Though Bates had taught English courses at several prison facilities, beginning in 1983, her foray into the Wabash Valley Correctional Facility marked the first time an instructor was granted access to inmates under the highest security levels. Bates’ unique opportunity and experiences are detailed in her book, “Shakespeare Saved My Life: Ten Years in Solitary with the Bard.”

While many people might consider the works of Shakespeare to be best examined in a college classroom or on a theater stage, Bates wanted to explore the possibilities for Shakespeare behind bars. 

Through stories of her students and their assessments and reactions to examples from Shakespeare’s plays, Bates demonstrates how relevant and applicable the Bard’s works are, even to inmates, and even 400 years after his death.

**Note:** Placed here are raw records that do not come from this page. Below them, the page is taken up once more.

lemma real_fps_aut_fixing_local_parameter:
  assumes f: "real_fps_aut f" and lin: "complex_linear_fps f"
    and w: "local_parameter w" and fw: "f w = w"
  shows "f a = a"
proof (rule fps_ext)
  fix j
  (* Writing b = b_0 + w b' gives f b - b = w (f b' - b'), so f a - a is divisible by
     every power of w. *)
  have "\<exists>b. f a - a = w ^ k * (f b - b)" for k
  proof (induction k)
    case (Suc k)
    then obtain b where b: "f a - a = w ^ k * (f b - b)"
      by blast
    have "b - fps_const (b $ 0) \<in> fps_max_ideal"
      by (simp add: fps_max_ideal_def)
    then obtain b' where "b - fps_const (b $ 0) = w * b'"
      using w unfolding local_parameter_def by blast
    then have b': "b = fps_const (b $ 0) + w * b'"
      by (simp add: algebra_simps)
    have "f b - b = w * (f b' - b')"
      using lin f fw
      by (subst (1 2) b')
         (simp add: additive.add[OF real_fps_aut_additive[OF f]] real_fps_aut_mult[OF f]
           real_fps_aut_const fps_aut_scalar_def algebra_simps)
    with b show ?case
      by (auto simp: mult.assoc)
  qed (use exI[of _ a] in simp)
  then obtain b where "f a - a = w ^ Suc j * (f b - b)"
    by blast
  also have "w = fps_X * fps_shift 1 w"
    using w unfolding local_parameter_def fps_max_ideal_def by (intro fps_eq_X_mult_shift) simp
  finally have "f a - a = fps_X ^ Suc j * (fps_shift 1 w ^ Suc j * (f b - b))"
    by (simp add: power_mult_distrib mult.assoc)
  then have "(f a - a) $ j = 0"
    by (simp only: fps_X_power_mult_nth) simp
  then show "f a $ j = a $ j"
    by simp
qed

section \<open>Faithful actions of finite groups\<close>

lemma (in group) subgroup_nat_pow_closed: "subgroup H G \<Longrightarrow> h \<in> H \<Longrightarrow> h [^] (n::nat) \<in> H"
  using subgroup_int_pow_closed[of H h "int n"] by (simp add: int_pow_int)

locale faithful_fps_action = group G for G (structure) +
  fixes \<phi> :: "'a \<Rightarrow> complex fps \<Rightarrow> complex fps"
  assumes finite_carrier: "finite (carrier G)"
    and real_fps_aut_phi: "g \<in> carrier G \<Longrightarrow> real_fps_aut (\<phi> g)"
    and phi_mult: "g \<in> carrier G \<Longrightarrow> h \<in> carrier G \<Longrightarrow> \<phi> (g \<otimes> h) = \<phi> g \<circ> \<phi> h"
    and inj_on_phi: "inj_on \<phi> (carrier G)"
begin

lemma phi_mult_apply: "g \<in> carrier G \<Longrightarrow> h \<in> carrier G \<Longrightarrow> \<phi> (g \<otimes> h) a = \<phi> g (\<phi> h a)"
  by (simp add: phi_mult)

lemma phi_one: "\<phi> \<one> = id"
proof
  fix a
  have "\<phi> \<one> (\<phi> \<one> a) = \<phi> \<one> a"
    using phi_mult_apply[of \<one> \<one> a] by simp
  then show "\<phi> \<one> a = id a"
    using bij_is_inj[OF real_fps_aut_bij[OF real_fps_aut_phi[OF one_closed]]] by (simp add: inj_eq)
qed

lemma complex_linear_fps_phi_mult:
  "g \<in> carrier G \<Longrightarrow> h \<in> carrier G \<Longrightarrow>
    complex_linear_fps (\<phi> (g \<otimes> h)) \<longleftrightarrow> (complex_linear_fps (\<phi> g) \<longleftrightarrow> complex_linear_fps (\<phi> h))"
  by (simp add: phi_mult complex_linear_fps_comp real_fps_aut_phi)

definition rotations :: "'a set" where
  "rotations = {g \<in> carrier G. complex_linear_fps (\<phi> g)}"

lemma rotations_subset_carrier: "rotations \<subseteq> carrier G"
  by (auto simp: rotations_def)

(* Modulo m^2, phi g maps alpha z to fps_aut_scalar (phi g) alpha * cotangent g * z, so
   cotangent g describes the action of g on the cotangent space m/m^2. *)
definition cotangent :: "'a \<Rightarrow> complex" where
  "cotangent g = \<phi> g fps_X $ 1"

lemma cotangent_mult:
  "cotangent (g \<otimes> h) = fps_aut_scalar (\<phi> g) (cotangent h) * cotangent g"
  if "g \<in> carrier G" "h \<in> carrier G"
  unfolding cotangent_def phi_mult_apply[OF that]
  by (rule real_fps_aut_nth_1[OF real_fps_aut_phi[OF that(1)]])

lemma cotangent_one: "cotangent \<one> = 1"
  by (simp add: cotangent_def phi_one)

lemma cotangent_mult_rotation:
  "g \<in> rotations \<Longrightarrow> h \<in> carrier G \<Longrightarrow> cotangent (g \<otimes> h) = cotangent g * cotangent h"
  by (simp add: rotations_def cotangent_mult fps_aut_scalar_def)

lemma subgroup_rotations: "subgroup rotations G"
proof
  show "rotations \<subseteq> carrier G"
    by (rule rotations_subset_carrier)
  show "\<one> \<in> rotations"
    by (simp add: rotations_def phi_one complex_linear_fps_def)
  show "g \<otimes> h \<in> rotations" if "g \<in> rotations" "h \<in> rotations" for g h
    using that by (simp add: rotations_def complex_linear_fps_phi_mult)
  show "inv g \<in> rotations" if "g \<in> rotations" for g
    using that complex_linear_fps_phi_mult[of g "inv g"]
    by (simp add: rotations_def phi_one complex_linear_fps_def)
qed

lemma phi_rotation_const: "g \<in> rotations \<Longrightarrow> \<phi> g (fps_const \<alpha>) = fps_const \<alpha>"
  by (simp add: rotations_def real_fps_aut_const real_fps_aut_phi fps_aut_scalar_def)

lemma phi_rotation_lincomb:
  "g \<in> rotations \<Longrightarrow>
    \<phi> g (fps_const c * a + fps_const d * b) = fps_const c * \<phi> g a + fps_const d * \<phi> g b"
  using rotations_subset_carrier
  by (auto simp: rotations_def complex_linear_fps_def additive.add[OF real_fps_aut_additive]
      real_fps_aut_phi)

lemma finite_rotations: "finite rotations"
  using finite_carrier by (simp add: rotations_def)

lemma card_rotations_pos: "card rotations > 0"
  using finite_rotations subgroup.one_closed[OF subgroup_rotations] card_gt_0_iff by blast

lemma cotangent_mult_inv_rotation: "g \<in> rotations \<Longrightarrow> cotangent g * cotangent (inv g) = 1"
  using rotations_subset_carrier
  by (metis cotangent_mult_rotation cotangent_one inv_closed r_inv subsetD)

Furthermore, many of the students Bates encountered had limited reading levels and educational backgrounds. However, they found Shakespeare’s works to not only be accessible but, at times, they were able to make assessments that were more complex and insightful than those made by students in a traditional classroom.

Bates shares the story of her time with Larry Newton, an inmate serving a life sentence for a murder committed while he was a teenager. Bates admits that Newton was really the only inmate who initially scared her. 

Although, she had no plans to work with Newton, his preliminary responses to her prompts changed her mind. Regarding a soliloquy about the meaning of life from the last act of the history play, “Richard II,” Newton assesses that Richard’s conclusion to life means, “that until you have been at peace, or content, with nothing, you cannot be pleased with anything.”

Bates and Newton, a fifth grade dropout, continued working together, and eventually Newton helped to create an educational booklet for inmates studying Shakespeare, “The Prisoner’s Guide to the Complete Works of Shakespeare.”

The impact of education and its ability to transform lives is a personal value Bates understands, being raised in a “west side Chicago ghetto” as the child of poor Eastern European immigrant parents. 

Bates’ desire to provide education to high-security level inmates stemmed from her natural curiosity to expand her ideals and a desire to challenge herself and view the world from a different perspective. She took risks to educate an inmate population, and as a result, the stories of those taught in her book demonstrate just how impactful education can be.

“Shakespeare Saved My Life: Ten Years in Solitary With the Bard” is the 2016 Wabash Valley Community Read.